再び神宮球場に移った第6戦。ヤクルト小川と、オリックス山崎福也の投げ合いから、第4戦に続く杉本の先制打。これを6回以後リリーフ陣がノーヒットに抑えて、このシリーズ初めてオリックスが勝ち越し。王手をかけた第7戦もオリックスペースで、初回太田椋の先頭打者ホームランで先制。5回にはヤクルトの守備の乱れで決定的ともいえる4点の追加。8回ヤクルトがオスナの3ラン等で4点を返すが、最後はワケゲスパックが1点を守り切って、オリックス26年振りの日本一。
ヤクルト連覇成らず
初戦のエース対決を小川泰弘で制したヤクルト。パ・リーグ投手2年連続三冠の山本を攻略しただけに、流れをものにして断然優位のムード。続く第2戦も3ー0の劣勢を9回裏の内山壮真の3ランで引き分けに持ち込む。京セラドーム大阪に移った第3戦は巻き返しを期すオリックスを寄せ付けず、山田哲人の先制3ラン等で快勝。ここまで5本塁打のヤクルトに対して、懸念された長打力不足が露になりホームランゼロのオリックス。両チームのムードからみても、ヤクルトの連覇濃厚と思われた。
しかし、第4戦ヤクルトは42歳の先発石川雅規の5回1失点の好投を見殺し。オリックス先発の山岡泰輔を再三のチャンスが有りながら崩せない。結局、オリックス自慢の救援陣の前に1ー0と完封を許す。第5戦は両チーム合わせて23安打の打撃戦。ヤクルトが常に先手を取りながら、相手の主砲・吉田正尚の劇的なサヨナラホームラン。これで完全に立場が入れ替わり、オリックスの流れになってしまう。

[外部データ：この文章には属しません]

lemma AE_PiM_unique_argmin:
  fixes g :: "'a \<Rightarrow> real" and N :: nat
  assumes "0 < N" and [measurable]: "g \<in> borel_measurable M"
    and null: "\<And>c. {y \<in> space M. g y = c} \<in> null_sets M"
  shows "AE xs in PiM {..<N} (\<lambda>_. M). \<exists>a<N. \<forall>a'<N. (\<forall>b\<in>{..<N}. g (xs a') \<le> g (xs b)) \<longleftrightarrow> a' = a"
proof -
  have "AE xs in PiM {..<N} (\<lambda>_. M). \<forall>a\<in>{..<N}. \<forall>b\<in>{..<N}. a \<noteq> b \<longrightarrow> g (xs a) \<noteq> g (xs b)"
  proof (intro eventually_ball_finite ballI finite_lessThan)
    fix a b assume "a \<in> {..<N}" "b \<in> {..<N}"
    show "AE xs in PiM {..<N} (\<lambda>_. M). a \<noteq> b \<longrightarrow> g (xs a) \<noteq> g (xs b)"
    proof (cases "a = b")
      case False
      have "{xs \<in> space (PiM {..<N} (\<lambda>_. M)). g (xs a) = g (xs b)} \<in> null_sets (PiM {..<N} (\<lambda>_. M))"
        using \<open>a \<in> {..<N}\<close> \<open>b \<in> {..<N}\<close> False by (intro PiM_ties_null null) auto
      from AE_not_in[OF this] AE_space show ?thesis
        by eventually_elim auto
    qed simp
  qed
  then show ?thesis
  proof (rule eventually_mono)
    fix xs assume distinct: "\<forall>a\<in>{..<N}. \<forall>b\<in>{..<N}. a \<noteq> b \<longrightarrow> g (xs a) \<noteq> g (xs b)"
    obtain a where "is_arg_min (\<lambda>i. g (xs i)) (\<lambda>i. i \<in> {..<N}) a"
      using ex_is_arg_min_if_finite[of "{..<N}" "\<lambda>i. g (xs i)"] \<open>0 < N\<close> by auto
    then have a: "a < N" "\<forall>b\<in>{..<N}. g (xs a) \<le> g (xs b)"
      by (auto simp: is_arg_min_def not_less dest: leD)
    have "a' = a" if "a' < N" "\<forall>b\<in>{..<N}. g (xs a') \<le> g (xs b)" for a'
      using that a distinct by (meson antisym lessThan_iff)
    with a show "\<exists>a<N. \<forall>a'<N. (\<forall>b\<in>{..<N}. g (xs a') \<le> g (xs b)) \<longleftrightarrow> a' = a"
      by blast
  qed
qed

lemma pred_PiM_minimal_at:
  fixes g :: "'a \<Rightarrow> real" and N :: nat
  assumes [measurable]: "g \<in> borel_measurable M" and "a < N"
  shows "Measurable.pred (PiM {..<N} (\<lambda>_. M)) (\<lambda>xs. \<forall>b\<in>{..<N}. g (xs a) \<le> g (xs b))"
proof (intro pred_intros_finite(3) finite_lessThan)
  fix b assume "b \<in> {..<N}"
  with \<open>a < N\<close> have [measurable]:
    "(\<lambda>xs. xs a) \<in> measurable (PiM {..<N} (\<lambda>_. M)) M" "(\<lambda>xs. xs b) \<in> measurable (PiM {..<N} (\<lambda>_. M)) M"
    by simp_all
  show "Measurable.pred (PiM {..<N} (\<lambda>_. M)) (\<lambda>xs. g (xs a) \<le> g (xs b))"
    unfolding pred_def by (rule borel_measurable_le) measurable
qed

lemma nn_integral_symmetric_minimal_at_eq:
  fixes g :: "'a \<Rightarrow> real" and N :: nat
  assumes [measurable]: "g \<in> borel_measurable M" "h \<in> borel_measurable (PiM {..<N} (\<lambda>_. M))"
    and sym: "\<And>p xs. p permutes {..<N} \<Longrightarrow> xs \<in> space (PiM {..<N} (\<lambda>_. M)) \<Longrightarrow>
        h (\<lambda>i\<in>{..<N}. xs (p i)) = h xs"
    and "a < N" "c < N"
  shows "(\<integral>\<^sup>+xs. h xs * indicator {xs. \<forall>b\<in>{..<N}. g (xs a) \<le> g (xs b)} xs \<partial>PiM {..<N} (\<lambda>_. M)) =
    (\<integral>\<^sup>+xs. h xs * indicator {xs. \<forall>b\<in>{..<N}. g (xs c) \<le> g (xs b)} xs \<partial>PiM {..<N} (\<lambda>_. M))"
proof -
  let ?P = "PiM {..<N} (\<lambda>_. M)"
  define E where "E a = {xs. \<forall>b\<in>{..<N}. g (xs a) \<le> g (xs b)}" for a
  let ?\<tau> = "Transposition.transpose a c"
  let ?swap = "\<lambda>xs. \<lambda>i\<in>{..<N}. xs (?\<tau> i)"
  have swap: "?\<tau> permutes {..<N}"
    using assms(4,5) by (simp add: permutes_swap_id)
  have "(\<lambda>xs. h xs * indicator (E a) xs) \<in> borel_measurable ?P"
    using pred_PiM_minimal_at[OF assms(1,4)] unfolding E_def by measurable
  from nn_integral_PiM_permute[OF finite_lessThan swap this]
  have "(\<integral>\<^sup>+xs. h xs * indicator (E a) xs \<partial>?P) = (\<integral>\<^sup>+xs. h (?swap xs) * indicator (E a) (?swap xs) \<partial>?P)"
    by simp
  also have "\<dots> = (\<integral>\<^sup>+xs. h xs * indicator (E c) xs \<partial>?P)"
  proof (rule nn_integral_cong)
    fix xs assume xs: "xs \<in> space ?P"
    have "?swap xs \<in> E a \<longleftrightarrow> (\<forall>b\<in>{..<N}. g (xs c) \<le> g (xs (?\<tau> b)))"
      using assms(4) by (simp add: E_def)
    also have "\<dots> \<longleftrightarrow> xs \<in> E c"
      using Ball_image_comp[of ?\<tau> "{..<N}" "\<lambda>b. g (xs c) \<le> g (xs b)"]
      by (simp add: E_def comp_def permutes_image[OF swap])
    finally show "h (?swap xs) * indicator (E a) (?swap xs) = h xs * indicator (E c) xs"
      using sym[OF swap xs] by (simp split: split_indicator)
  qed
  finally show ?thesis
    by (simp only: E_def)
qed

lemma nn_integral_symmetric_eq_minimal_last:
  fixes g :: "'a \<Rightarrow> real"
  assumes [measurable]: "g \<in> borel_measurable M"
    and null: "\<And>c. {y \<in> space M. g y = c} \<in> null_sets M"
    and [measurable]: "h \<in> borel_measurable (PiM {..<Suc K} (\<lambda>_. M))"
    and sym: "\<And>p xs. p permutes {..<Suc K} \<Longrightarrow> xs \<in> space (PiM {..<Suc K} (\<lambda>_. M)) \<Longrightarrow>
        h (\<lambda>i\<in>{..<Suc K}. xs (p i)) = h xs"
  shows "(\<integral>\<^sup>+xs. h xs \<partial>PiM {..<Suc K} (\<lambda>_. M)) = of_nat (Suc K) *
    (\<integral>\<^sup>+xs. h xs * indicator {xs. \<forall>b\<in>{..<Suc K}. g (xs K) \<le> g (xs b)} xs \<partial>PiM {..<Suc K} (\<lambda>_. M))"
proof -
  let ?P = "PiM {..<Suc K} (\<lambda>_. M)"
  define E where "E a = {xs. \<forall>b\<in>{..<Suc K}. g (xs a) \<le> g (xs b)}" for a
  have [measurable]: "(\<lambda>xs. h xs * indicator (E a) xs) \<in> borel_measurable ?P" if "a < Suc K" for a
    using pred_PiM_minimal_at[OF assms(1) that] unfolding E_def by measurable
  have "AE xs in ?P. (\<Sum>a<Suc K. indicator (E a) xs :: ennreal) = 1"
    using AE_PiM_unique_argmin[OF zero_less_Suc assms(1) null]
  proof eventually_elim
    case (elim xs)
    then obtain a where "a < Suc K" and argmin: "\<forall>a'<Suc K. xs \<in> E a' \<longleftrightarrow> a' = a"
      by (auto simp: E_def)
    then have "(\<Sum>a'<Suc K. indicator (E a') xs :: ennreal) = (\<Sum>a'<Suc K. if a' = a then 1 else 0)"
      by (intro sum.cong) (auto simp: indicator_def)
    with \<open>a < Suc K\<close> show ?case
      by simp
  qed
  then have "(\<integral>\<^sup>+xs. h xs \<partial>?P) = (\<integral>\<^sup>+xs. (\<Sum>a<Suc K. h xs * indicator (E a) xs) \<partial>?P)"
    by (intro nn_integral_cong_AE) (auto simp: sum_distrib_left[symmetric] elim!: eventually_mono)
  also have "\<dots> = (\<Sum>a<Suc K. \<integral>\<^sup>+xs. h xs * indicator (E a) xs \<partial>?P)"
    by (intro nn_integral_sum) auto
  also have "\<dots> = (\<Sum>a<Suc K. \<integral>\<^sup>+xs. h xs * indicator (E K) xs \<partial>?P)"
    unfolding E_def using sym by (intro sum.cong refl nn_integral_symmetric_minimal_at_eq) auto
  finally show ?thesis
    by (simp add: E_def)
qed

lemma nn_integral_symmetric_split_minimal:
  fixes g :: "'a \<Rightarrow> real"
  assumes [measurable]: "g \<in> borel_measurable M"
    and null: "\<And>c. {y \<in> space M. g y = c} \<in> null_sets M"
    and [measurable]: "h \<in> borel_measurable (PiM {..<Suc K} (\<lambda>_. M))"
    and sym: "\<And>p xs. p permutes {..<Suc K} \<Longrightarrow> xs \<in> space (PiM {..<Suc K} (\<lambda>_. M)) \<Longrightarrow>
        h (\<lambda>i\<in>{..<Suc K}. xs (p i)) = h xs"
  shows "(\<integral>\<^sup>+xs. h xs \<partial>PiM {..<Suc K} (\<lambda>_. M)) = of_nat (Suc K) *
    (\<integral>\<^sup>+x. \<integral>\<^sup>+ys. h (ys(K := x)) * indicator {ys. \<forall>i\<in>{..<K}. g x \<le> g (ys i)} ys \<partial>PiM {..<K} (\<lambda>_. M) \<partial>M)"
proof -
  interpret product_sigma_finite "\<lambda>_::nat. M"
    by (simp add: product_sigma_finite_def sigma_finite_measure_axioms)
  let ?E = "{xs. \<forall>b\<in>{..<Suc K}. g (xs K) \<le> g (xs b)}"
  have "(\<lambda>xs. h xs * indicator ?E xs) \<in> borel_measurable (PiM {..<Suc K} (\<lambda>_. M))"
    using pred_PiM_minimal_at[OF assms(1), of K "Suc K"] by measurable
  then have "(\<integral>\<^sup>+xs. h xs * indicator ?E xs \<partial>PiM {..<Suc K} (\<lambda>_. M)) =
      (\<integral>\<^sup>+x. \<integral>\<^sup>+ys. h (ys(K := x)) * indicator ?E (ys(K := x)) \<partial>PiM {..<K} (\<lambda>_. M) \<partial>M)"
    unfolding lessThan_Suc by (intro product_nn_integral_insert_rev) auto
  also have "\<dots> = (\<integral>\<^sup>+x. \<integral>\<^sup>+ys. h (ys(K := x)) * indicator {ys. \<forall>i\<in>{..<K}. g x \<le> g (ys i)} ys
      \<partial>PiM {..<K} (\<lambda>_. M) \<partial>M)"
    by (intro nn_integral_cong) (auto simp: indicator_def lessThan_Suc)
  finally show ?thesis
    using nn_integral_symmetric_eq_minimal_last[OF assms(1-3)] sym by simp
qed

end

section \<open>A logarithmic integral identity\<close>

lemma sums_ln_one_plus:
  fixes a :: real
  assumes "0 \<le> a"
  shows "(\<lambda>m. (a / (1 + a)) ^ Suc m / Suc m) sums ln (1 + a)"
proof -
  have "(\<lambda>n. - ((a / (1 + a)) ^ n) / n) sums ln (1 - a / (1 + a))"
    using ln_series'[of "- a / (1 + a)"] assms by simp
  then have "(\<lambda>n. (a / (1 + a)) ^ n / n) sums ln (1 + a)"
    using sums_minus assms by (fastforce simp: field_simps ln_div)
  then show ?thesis
    by (subst sums_Suc_iff) simp
qed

舞台は変わって再び神宮球場での第6戦。シリーズ2勝目を狙うエース小川の6回1失点の熱投も、自慢の打線がオリックス投手陣にわずか1安打の完封負け。まさかの3連敗で後がなくなったヤクルトに対して、完全に流れを掴んだオリックスが1回太田の先頭打者ホームランで先制。更に、5回にはエラーも絡んで4失点。8回裏にオスナの3ラン等で4点を返す意地を見せたヤクルトだが、1点及ばずオリックス26年振りの優勝を許してしまった。
まとめ
昨年と同じ顔合わせになった今年の日本シリーズ。昨年はヤクルトが4勝2敗で制し、6試合全てが2点差の史上稀にみる熱戦だったが、今年も第3戦ヤクルトが制した7ー1以外の6戦は3点差以内の激闘。
オリックスはエース山本を故障で欠きながら、充実した救援陣の強みでヤクルトの反撃を許さなかった。この投手力の差が日本一の原動力となった。
ヤクルトは打撃面では優位を保ち、安打数こそオリックスと同じだったが、得点、打点、本塁打数は全て上回っていた。ただ、シリーズを通して活躍したのは塩見とオスナの2人だけ。主軸の村上宗隆と山田の不調が響いた。
投手に関しては先発、中継ぎ共に役割は果たした。誤算は守護神のマクガフ。投球以前に守備面での課題が露になり、これをクリアしない限りは来シーズン他球団に狙われそう。
2年連続最下位からのリーグ2連覇同士という実力チームの日本シリーズ。オリックスが4勝2敗1分で制したが、昨年同様に熱戦を演じて実力は互角。来年も3連覇を成し遂げた両チームがあいまみえるのか、それとも他のチームが巻き返すのか、来シーズンを楽しみにしたい。